BEGIN MATERIAL FOR THIS EXERCISE
lemma non_neighbours_not_solo: "x \<in> non_neighbours W w \<Longrightarrow> x \<in> W - solo"
  using solo_clique[OF w_in_solo] unfolding non_neighbours_def by blast

text \<open>Otherwise the classes {w}, {x, mate x}, {u} could be recoloured as {w, x}, {mate x, u};
  for u = w the set {w, x, mate x} would be independent.\<close>
lemma mate_adj_solo:
  assumes x: "x \<in> non_neighbours W w" and u: "u \<in> solo"
  shows "E (mate x) u"
proof (rule ccontr)
  assume nE: "\<not> E (mate x) u"
  have xW: "x \<in> W - solo" using x by (rule non_neighbours_not_solo)
  note m = mate_colour_class[OF xW]
  have "x \<noteq> w" "\<not> E w x" using x unfolding non_neighbours_def by auto
  have "mate x \<noteq> w" "x \<noteq> u" using m(1) xW u w_in_solo by auto
  have "\<not> E x (mate x)" using m xW same_colour_not_adj by auto
  show False
  proof (cases "u = w")
    case True
    have "\<not> E w (mate x)" using nE True adj_sym by blast
    then have "independent {w, x, mate x}" "card {w, x, mate x} = 3"
      using \<open>\<not> E w x\<close> \<open>\<not> E x (mate x)\<close> \<open>x \<noteq> w\<close> \<open>mate x \<noteq> w\<close> m(2) by auto
    then show False using independent_card_le_2[of "{w, x, mate x}"] w_in_W xW m(1) by simp
  next
    case False
    have "card {c w, c x, c u} \<le> card {{w, x}, {mate x, u}}"
    proof (rule card_le_cover_of_colour_classes)
      show "\<forall>I\<in>{{w, x}, {mate x, u}}. independent I" using \<open>\<not> E w x\<close> nE by simp
      show "{c w, c x, c u} \<subseteq> c ` W" using w_in_W xW u unfolding solo_def by blast
      show "{v\<in>W. c v \<in> {c w, c x, c u}} \<subseteq> \<Union>{{w, x}, {mate x, u}}"
      proof
        fix v assume "v \<in> {v\<in>W. c v \<in> {c w, c x, c u}}"
        then have "v = w \<or> v = x \<or> v = mate x \<or> v = u"
          using w_alone[of v] m(4)[of v] solo_alone[OF u, of v] by auto
        then show "v \<in> \<Union>{{w, x}, {mate x, u}}" by auto
      qed
    qed simp
    moreover have "c w \<noteq> c x" using w_alone[of x] xW \<open>x \<noteq> w\<close> by auto
    moreover have "c w \<noteq> c u" using w_alone[of u] u solo_subset False by auto
    moreover have "c x \<noteq> c u" using solo_alone[OF u, of x] xW \<open>x \<noteq> u\<close> by auto
    moreover have "card {{w, x}, {mate x, u}} \<le> 2" using card_length[of "[{w, x}, {mate x, u}]"] by simp
    ultimately show False by simp
  qed
qed

definition attached :: "'a set" where
  "attached = {x \<in> non_neighbours W w. \<forall>u\<in>solo - {w}. E x u}"
(* Let $k$ and $m$ be positive integers, let $T$ be a tree of order $m$, and let $G$ be a $k$-edge-connected graph with $\delta(G)>4(k+m)^2$. Then $G$ contains a subtree $T'$ isomorphic to $T$ such that $G-V(T')$ is $k$-edge-connected.
   Context: All graphs are finite, undirected, without loops or multiple edges. $\delta(G)$ is the minimum degree of $G$. For $S\subseteq V(G)$, $G-S$ denotes the subgraph of $G$ induced by $V(G)\setminus S$. The edge-connectivity $\kappa'(G)$ is the minimum size of an edge set $U\subseteq E(G)$ such that $G-U$ is disconnected; a graph is $k$-edge-connected if $\kappa'(G)\geq k$. By convention a trivial (one-vertex) graph is $1$-edge-connected but not $k$-edge-connected for any $k>1$. *)

theory Defs
  imports Main
begin

definition graph :: "'a set \<Rightarrow> 'a set set \<Rightarrow> bool" where
  "graph V E \<longleftrightarrow> finite V \<and> (\<forall>e\<in>E. \<exists>x y. x \<noteq> y \<and> x \<in> V \<and> y \<in> V \<and> e = {x, y})"

definition degree :: "'a set set \<Rightarrow> 'a \<Rightarrow> nat" where
  "degree E v = card {e \<in> E. v \<in> e}"

text \<open>Minimum degree of a graph with nonempty vertex set.\<close>
definition min_degree :: "'a set \<Rightarrow> 'a set set \<Rightarrow> nat" where
  "min_degree V E = Min (degree E ` V)"

definition adj_rel :: "'a set set \<Rightarrow> ('a \<times> 'a) set" where
  "adj_rel E = {(x, y). {x, y} \<in> E}"

definition connected_graph :: "'a set \<Rightarrow> 'a set set \<Rightarrow> bool" where
  "connected_graph V E \<longleftrightarrow> V \<noteq> {} \<and> (\<forall>x\<in>V. \<forall>y\<in>V. (x, y) \<in> (adj_rel E)\<^sup>*)"

text \<open>k-edge-connected: a trivial (one-vertex) graph is 1-edge-connected but not
k-edge-connected for k > 1; a nontrivial graph is k-edge-connected iff deleting
any set of fewer than k edges leaves it connected (i.e. its edge-connectivity is
at least k).\<close>
definition k_edge_connected :: "'a set \<Rightarrow> 'a set set \<Rightarrow> nat \<Rightarrow> bool" where
  "k_edge_connected V E k \<longleftrightarrow> V \<noteq> {} \<and>
     (if card V = 1 then k \<le> 1
      else (\<forall>U. U \<subseteq> E \<and> card U < k \<longrightarrow> connected_graph V (E - U)))"

definition is_cycle :: "'a set \<Rightarrow> 'a set set \<Rightarrow> 'a list \<Rightarrow> bool" where
  "is_cycle V E cs \<longleftrightarrow> length cs \<ge> 3 \<and> distinct cs \<and> set cs \<subseteq> V \<and>
     (\<forall>i < length cs - 1. {cs ! i, cs ! (i + 1)} \<in> E) \<and> {last cs, hd cs} \<in> E"

definition acyclic_graph :: "'a set \<Rightarrow> 'a set set \<Rightarrow> bool" where
  "acyclic_graph V E \<longleftrightarrow> (\<nexists>cs. is_cycle V E cs)"

definition tree :: "'a set \<Rightarrow> 'a set set \<Rightarrow> bool" where
  "tree V E \<longleftrightarrow> graph V E \<and> connected_graph V E \<and> acyclic_graph V E"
END MATERIAL FOR THIS EXERCISE
YOUR OBJECTIVE:
Report how many lines of the records hold the word "tree", and supply no other text.

PROBLEM SOLUTION:
3